## TASK INSTRUCTIONS:
Pull each line holding the word "longrightarrow" from the data.

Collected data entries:

^^^^

lemma Lbar_circ_class:
  assumes g: "g \<in> mon_gen G X" and xs: "xs \<in> lin_fact G X g"
  shows "Lbar G X g (circ_class G X g xs)
    = circ_class integer_group {1} (int (word_len G X g)) (Lmap G X xs)"
proof -
  obtain r where r: "(xs, r) \<in> circ_equiv G X g" "last r = \<one>"
    using circ_equiv_last_one[OF g xs] .
  have "(THE r'. r' \<in> circ_class G X g xs \<and> last r' = \<one>) = r"
  proof (rule the_equality)
    show "r \<in> circ_class G X g xs \<and> last r = \<one>"
      using r by (simp add: circ_class_def)
  next
    fix r' assume "r' \<in> circ_class G X g xs \<and> last r' = \<one>"
    then have "(r, r') \<in> circ_equiv G X g" "last r = last r'"
      using r by (auto simp: circ_class_def circ_equiv_iff)
    then show "r' = r"
      by (metis circ_equiv_last_eq)
  qed
  then show ?thesis
    using equiv_class_eq[OF equiv_circ_equiv Lmap_circ_equiv[OF r(1)]]
    by (simp add: Lbar_def circ_class_def)
qed

lemma Lbar_image_circ_fact:
  assumes "g \<in> mon_gen G X"
  shows "Lbar G X g ` circ_fact G X g = circ_comp (word_len G X g)"
proof -
  have "Lbar G X g ` circ_fact G X g
      = circ_class integer_group {1} (int (word_len G X g)) ` Lmap G X ` lin_fact G X g"
    by (simp add: circ_fact_eq_image image_image Lbar_circ_class[OF assms])
  then show ?thesis
    by (simp add: Lmap_image_lin_fact[OF assms] circ_fact_eq_image)
qed

lemma Lbar_mono:
  assumes g: "g \<in> mon_gen G X" and A: "A \<in> circ_fact G X g" and B: "B \<in> circ_fact G X g"
    and le: "circ_le G A B"
  shows "circ_le integer_group (Lbar G X g A) (Lbar G X g B)"
proof -
  have Lmap_mem: "Lmap G X xs \<in> Lbar G X g C"
    if C: "C \<in> circ_fact G X g" and xs: "xs \<in> C" for C xs
  proof -
    obtain xs0 where "xs0 \<in> lin_fact G X g" "C = circ_class G X g xs0"
      using C unfolding circ_fact_eq_image by blast
    with xs show ?thesis
      using Lbar_circ_class[OF g] Lmap_circ_equiv by (auto simp: circ_class_def)
  qed
  obtain xs ys where "xs \<in> A" "ys \<in> B" "fact_le G xs ys"
    using le by (auto simp: circ_le_def)
  moreover have "xs \<in> lin_fact G X g" "ys \<in> lin_fact G X g"
    using A B calculation(1,2) by (auto simp: circ_fact_eq_image circ_class_def circ_equiv_iff)
  ultimately show ?thesis
    unfolding circ_le_def using A B Lmap_mem Lmap_mono by blast
qed

end

theorem proposition3p11:
  fixes G :: "('a, 'b) monoid_scheme" and X :: "'a set" and g :: 'a and n :: nat
  assumes "group G"
    and "X \<subseteq> carrier G"
    and "generate G X = carrier G"
    and "conj_closed G X"
    and "g \<in> mon_gen G X"
    and "n = word_len G X g"
  shows "Lmap G X ` lin_fact G X g = lin_comp n
    \<and> (\<forall>xs\<in>lin_fact G X g. \<forall>ys\<in>lin_fact G X g.
          fact_le G xs ys \<longrightarrow> fact_le integer_group (Lmap G X xs) (Lmap G X ys))
    \<and> Lbar G X g ` circ_fact G X g = circ_comp n
    \<and> (\<forall>A\<in>circ_fact G X g. \<forall>B\<in>circ_fact G X g.
          circ_le G A B \<longrightarrow> circ_le integer_group (Lbar G X g A) (Lbar G X g B))
    \<and> (\<forall>xs\<in>lin_fact G X g.
          Lbar G X g (circ_class G X g xs) = circ_class integer_group {1} (int n) (Lmap G X xs))"
proof -
  interpret conj_word_group G X
    using assms(1,2,4) by (simp add: conj_word_group_def conj_word_group_axioms_def word_group_def
        word_monoid_def word_monoid_axioms_def group.is_monoid)
  show ?thesis
    using assms(5) unfolding assms(6)
    by (simp add: Lmap_image_lin_fact Lmap_mono Lbar_image_circ_fact Lbar_mono Lbar_circ_class)
qed

end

^^^^

## REPLY TO THE TASK:
          fact_le G xs ys \<longrightarrow> fact_le integer_group (Lmap G X xs) (Lmap G X ys))
          circ_le G A B \<longrightarrow> circ_le integer_group (Lbar G X g A) (Lbar G X g B))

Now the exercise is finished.